| TASK TO CARRY OUT |
Only the lines from the start of the entries through the line with "fix j assume" are wanted; please output them exactly.

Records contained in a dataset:
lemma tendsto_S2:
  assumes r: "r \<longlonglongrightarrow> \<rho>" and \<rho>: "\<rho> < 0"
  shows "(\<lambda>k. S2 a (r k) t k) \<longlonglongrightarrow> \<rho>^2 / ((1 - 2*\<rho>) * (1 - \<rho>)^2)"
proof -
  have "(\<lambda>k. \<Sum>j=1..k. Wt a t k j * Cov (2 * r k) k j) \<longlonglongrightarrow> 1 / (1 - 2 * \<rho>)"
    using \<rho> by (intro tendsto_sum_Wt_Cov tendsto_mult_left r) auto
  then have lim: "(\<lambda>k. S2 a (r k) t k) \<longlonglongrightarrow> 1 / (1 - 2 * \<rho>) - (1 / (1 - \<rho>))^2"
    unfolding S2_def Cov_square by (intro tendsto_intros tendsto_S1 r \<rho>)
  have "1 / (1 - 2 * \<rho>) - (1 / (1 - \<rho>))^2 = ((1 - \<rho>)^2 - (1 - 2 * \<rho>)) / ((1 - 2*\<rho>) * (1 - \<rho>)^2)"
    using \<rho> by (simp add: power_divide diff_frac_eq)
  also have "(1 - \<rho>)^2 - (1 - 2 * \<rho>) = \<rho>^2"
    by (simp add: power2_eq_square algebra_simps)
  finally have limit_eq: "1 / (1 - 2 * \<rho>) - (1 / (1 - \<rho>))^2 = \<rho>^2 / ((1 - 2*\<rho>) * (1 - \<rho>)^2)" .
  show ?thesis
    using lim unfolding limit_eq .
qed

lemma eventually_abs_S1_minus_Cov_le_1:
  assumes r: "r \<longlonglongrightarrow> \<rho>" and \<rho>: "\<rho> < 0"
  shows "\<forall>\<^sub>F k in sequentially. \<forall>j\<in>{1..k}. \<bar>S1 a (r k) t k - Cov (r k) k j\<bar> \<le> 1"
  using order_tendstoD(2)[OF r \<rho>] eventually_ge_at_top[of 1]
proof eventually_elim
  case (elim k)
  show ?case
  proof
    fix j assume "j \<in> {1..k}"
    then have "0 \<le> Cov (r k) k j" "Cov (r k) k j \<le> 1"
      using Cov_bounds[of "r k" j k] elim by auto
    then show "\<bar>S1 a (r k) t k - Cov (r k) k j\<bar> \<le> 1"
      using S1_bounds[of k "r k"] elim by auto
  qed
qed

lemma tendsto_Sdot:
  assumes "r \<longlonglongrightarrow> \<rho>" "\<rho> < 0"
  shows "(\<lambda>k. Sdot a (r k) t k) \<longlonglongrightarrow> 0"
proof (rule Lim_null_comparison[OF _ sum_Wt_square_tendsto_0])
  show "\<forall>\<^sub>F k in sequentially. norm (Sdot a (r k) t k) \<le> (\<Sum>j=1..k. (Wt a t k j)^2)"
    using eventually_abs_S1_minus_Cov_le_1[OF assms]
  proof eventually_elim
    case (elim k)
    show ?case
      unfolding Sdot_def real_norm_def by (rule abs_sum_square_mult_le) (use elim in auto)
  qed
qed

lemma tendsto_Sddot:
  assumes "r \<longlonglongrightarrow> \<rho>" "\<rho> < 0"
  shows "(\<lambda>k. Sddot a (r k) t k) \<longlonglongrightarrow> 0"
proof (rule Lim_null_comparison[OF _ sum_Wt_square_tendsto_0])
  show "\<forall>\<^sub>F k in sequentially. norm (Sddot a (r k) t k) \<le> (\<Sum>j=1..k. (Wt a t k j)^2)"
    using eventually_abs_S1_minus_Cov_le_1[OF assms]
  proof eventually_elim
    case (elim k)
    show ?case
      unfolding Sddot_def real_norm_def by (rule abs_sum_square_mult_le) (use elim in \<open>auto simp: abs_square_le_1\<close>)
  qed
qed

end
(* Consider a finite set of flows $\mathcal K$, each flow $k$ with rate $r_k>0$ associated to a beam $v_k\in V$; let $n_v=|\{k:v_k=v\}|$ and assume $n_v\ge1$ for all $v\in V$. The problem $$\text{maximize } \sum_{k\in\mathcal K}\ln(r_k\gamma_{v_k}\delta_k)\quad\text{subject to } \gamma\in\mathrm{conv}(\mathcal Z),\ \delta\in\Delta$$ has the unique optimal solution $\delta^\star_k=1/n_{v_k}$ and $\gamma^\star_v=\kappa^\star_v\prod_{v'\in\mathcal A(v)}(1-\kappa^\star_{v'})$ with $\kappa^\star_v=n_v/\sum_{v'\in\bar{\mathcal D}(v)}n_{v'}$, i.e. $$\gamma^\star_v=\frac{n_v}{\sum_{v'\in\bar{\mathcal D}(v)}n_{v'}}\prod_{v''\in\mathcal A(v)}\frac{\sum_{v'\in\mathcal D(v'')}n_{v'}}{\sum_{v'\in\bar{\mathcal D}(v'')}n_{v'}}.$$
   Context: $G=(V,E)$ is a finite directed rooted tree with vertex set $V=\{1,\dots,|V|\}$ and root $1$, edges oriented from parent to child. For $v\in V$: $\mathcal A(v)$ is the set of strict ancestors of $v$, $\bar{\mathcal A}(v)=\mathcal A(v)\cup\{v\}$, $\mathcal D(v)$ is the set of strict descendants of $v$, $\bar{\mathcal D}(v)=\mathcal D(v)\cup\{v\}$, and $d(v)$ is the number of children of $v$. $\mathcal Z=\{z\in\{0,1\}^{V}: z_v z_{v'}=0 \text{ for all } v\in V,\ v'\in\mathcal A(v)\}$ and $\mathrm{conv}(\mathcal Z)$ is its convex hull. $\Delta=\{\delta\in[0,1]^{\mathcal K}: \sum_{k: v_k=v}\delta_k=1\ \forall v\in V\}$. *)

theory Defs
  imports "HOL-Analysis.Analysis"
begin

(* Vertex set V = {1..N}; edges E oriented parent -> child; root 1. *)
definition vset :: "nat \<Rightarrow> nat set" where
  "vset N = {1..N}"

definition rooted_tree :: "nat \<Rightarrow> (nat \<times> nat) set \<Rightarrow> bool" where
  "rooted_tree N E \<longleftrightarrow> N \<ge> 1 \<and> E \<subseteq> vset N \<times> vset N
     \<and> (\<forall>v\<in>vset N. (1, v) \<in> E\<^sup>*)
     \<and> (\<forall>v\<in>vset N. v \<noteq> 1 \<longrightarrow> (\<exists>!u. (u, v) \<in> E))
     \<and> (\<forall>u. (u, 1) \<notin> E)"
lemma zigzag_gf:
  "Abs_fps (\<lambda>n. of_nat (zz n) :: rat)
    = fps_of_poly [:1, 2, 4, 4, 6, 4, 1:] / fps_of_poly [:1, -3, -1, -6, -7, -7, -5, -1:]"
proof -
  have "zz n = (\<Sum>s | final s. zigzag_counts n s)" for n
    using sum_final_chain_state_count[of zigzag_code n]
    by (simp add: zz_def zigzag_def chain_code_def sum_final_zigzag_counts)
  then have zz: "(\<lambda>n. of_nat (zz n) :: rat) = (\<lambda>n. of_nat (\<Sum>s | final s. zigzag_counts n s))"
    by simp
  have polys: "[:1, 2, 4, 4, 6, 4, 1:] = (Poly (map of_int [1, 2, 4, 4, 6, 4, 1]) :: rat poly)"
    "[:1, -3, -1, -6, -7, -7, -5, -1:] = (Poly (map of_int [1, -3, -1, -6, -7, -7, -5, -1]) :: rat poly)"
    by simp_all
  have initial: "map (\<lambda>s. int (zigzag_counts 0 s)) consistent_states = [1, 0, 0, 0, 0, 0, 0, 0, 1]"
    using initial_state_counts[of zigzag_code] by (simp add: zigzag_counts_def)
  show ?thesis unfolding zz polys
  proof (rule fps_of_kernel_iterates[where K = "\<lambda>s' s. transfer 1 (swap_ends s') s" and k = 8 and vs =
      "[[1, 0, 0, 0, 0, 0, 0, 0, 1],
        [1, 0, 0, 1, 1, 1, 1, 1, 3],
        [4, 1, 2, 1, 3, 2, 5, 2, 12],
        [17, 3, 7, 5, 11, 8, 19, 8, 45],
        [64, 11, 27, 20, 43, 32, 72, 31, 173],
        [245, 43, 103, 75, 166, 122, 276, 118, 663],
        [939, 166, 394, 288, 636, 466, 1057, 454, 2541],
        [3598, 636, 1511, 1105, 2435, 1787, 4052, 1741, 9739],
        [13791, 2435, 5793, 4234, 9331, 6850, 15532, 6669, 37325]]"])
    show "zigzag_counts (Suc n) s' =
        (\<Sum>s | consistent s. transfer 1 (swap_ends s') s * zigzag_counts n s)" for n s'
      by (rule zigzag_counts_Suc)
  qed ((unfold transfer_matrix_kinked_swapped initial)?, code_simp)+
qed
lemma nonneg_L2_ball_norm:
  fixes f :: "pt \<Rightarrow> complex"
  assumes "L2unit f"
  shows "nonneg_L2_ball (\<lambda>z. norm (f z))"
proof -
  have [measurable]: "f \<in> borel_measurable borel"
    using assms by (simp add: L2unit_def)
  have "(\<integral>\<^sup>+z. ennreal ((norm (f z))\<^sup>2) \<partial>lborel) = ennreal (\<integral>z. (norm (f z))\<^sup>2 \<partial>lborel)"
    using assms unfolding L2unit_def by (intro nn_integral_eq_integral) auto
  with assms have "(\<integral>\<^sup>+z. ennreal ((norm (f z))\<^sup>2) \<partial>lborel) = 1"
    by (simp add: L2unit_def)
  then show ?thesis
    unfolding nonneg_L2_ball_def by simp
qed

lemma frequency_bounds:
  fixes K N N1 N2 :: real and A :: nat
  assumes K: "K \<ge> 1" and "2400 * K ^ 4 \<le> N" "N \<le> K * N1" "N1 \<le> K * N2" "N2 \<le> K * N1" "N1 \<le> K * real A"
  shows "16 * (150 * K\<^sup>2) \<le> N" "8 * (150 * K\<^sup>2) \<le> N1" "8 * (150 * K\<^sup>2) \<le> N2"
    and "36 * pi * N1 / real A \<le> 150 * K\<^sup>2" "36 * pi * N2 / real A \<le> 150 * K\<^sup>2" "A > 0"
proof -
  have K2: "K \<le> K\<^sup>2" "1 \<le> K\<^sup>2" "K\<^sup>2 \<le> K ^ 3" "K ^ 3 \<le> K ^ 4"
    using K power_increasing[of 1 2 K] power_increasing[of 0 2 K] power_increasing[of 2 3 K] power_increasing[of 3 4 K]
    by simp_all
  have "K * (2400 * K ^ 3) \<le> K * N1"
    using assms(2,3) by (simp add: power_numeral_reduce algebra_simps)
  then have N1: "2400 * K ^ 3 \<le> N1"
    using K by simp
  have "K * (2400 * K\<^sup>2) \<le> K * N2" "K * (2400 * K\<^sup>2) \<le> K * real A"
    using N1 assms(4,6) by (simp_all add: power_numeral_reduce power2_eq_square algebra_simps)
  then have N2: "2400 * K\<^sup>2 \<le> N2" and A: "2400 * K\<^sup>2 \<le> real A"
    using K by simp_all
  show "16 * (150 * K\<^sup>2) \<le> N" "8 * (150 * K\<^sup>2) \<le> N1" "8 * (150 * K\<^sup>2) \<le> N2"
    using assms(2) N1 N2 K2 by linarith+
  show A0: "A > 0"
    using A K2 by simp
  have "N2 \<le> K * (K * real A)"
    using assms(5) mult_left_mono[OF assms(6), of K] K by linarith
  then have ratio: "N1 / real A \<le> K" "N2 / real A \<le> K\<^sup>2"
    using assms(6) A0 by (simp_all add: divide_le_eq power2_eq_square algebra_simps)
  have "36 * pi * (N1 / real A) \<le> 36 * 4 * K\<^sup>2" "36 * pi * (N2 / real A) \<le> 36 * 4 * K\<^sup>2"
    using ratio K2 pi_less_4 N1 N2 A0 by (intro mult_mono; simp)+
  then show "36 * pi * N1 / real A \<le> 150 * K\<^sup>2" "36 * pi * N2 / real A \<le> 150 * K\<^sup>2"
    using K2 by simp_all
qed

| FINISHED EXERCISE |
lemma tendsto_S2:
  assumes r: "r \<longlonglongrightarrow> \<rho>" and \<rho>: "\<rho> < 0"
  shows "(\<lambda>k. S2 a (r k) t k) \<longlonglongrightarrow> \<rho>^2 / ((1 - 2*\<rho>) * (1 - \<rho>)^2)"
proof -
  have "(\<lambda>k. \<Sum>j=1..k. Wt a t k j * Cov (2 * r k) k j) \<longlonglongrightarrow> 1 / (1 - 2 * \<rho>)"
    using \<rho> by (intro tendsto_sum_Wt_Cov tendsto_mult_left r) auto
  then have lim: "(\<lambda>k. S2 a (r k) t k) \<longlonglongrightarrow> 1 / (1 - 2 * \<rho>) - (1 / (1 - \<rho>))^2"
    unfolding S2_def Cov_square by (intro tendsto_intros tendsto_S1 r \<rho>)
  have "1 / (1 - 2 * \<rho>) - (1 / (1 - \<rho>))^2 = ((1 - \<rho>)^2 - (1 - 2 * \<rho>)) / ((1 - 2*\<rho>) * (1 - \<rho>)^2)"
    using \<rho> by (simp add: power_divide diff_frac_eq)
  also have "(1 - \<rho>)^2 - (1 - 2 * \<rho>) = \<rho>^2"
    by (simp add: power2_eq_square algebra_simps)
  finally have limit_eq: "1 / (1 - 2 * \<rho>) - (1 / (1 - \<rho>))^2 = \<rho>^2 / ((1 - 2*\<rho>) * (1 - \<rho>)^2)" .
  show ?thesis
    using lim unfolding limit_eq .
qed

lemma eventually_abs_S1_minus_Cov_le_1:
  assumes r: "r \<longlonglongrightarrow> \<rho>" and \<rho>: "\<rho> < 0"
  shows "\<forall>\<^sub>F k in sequentially. \<forall>j\<in>{1..k}. \<bar>S1 a (r k) t k - Cov (r k) k j\<bar> \<le> 1"
  using order_tendstoD(2)[OF r \<rho>] eventually_ge_at_top[of 1]
proof eventually_elim
  case (elim k)
  show ?case
  proof
    fix j assume "j \<in> {1..k}"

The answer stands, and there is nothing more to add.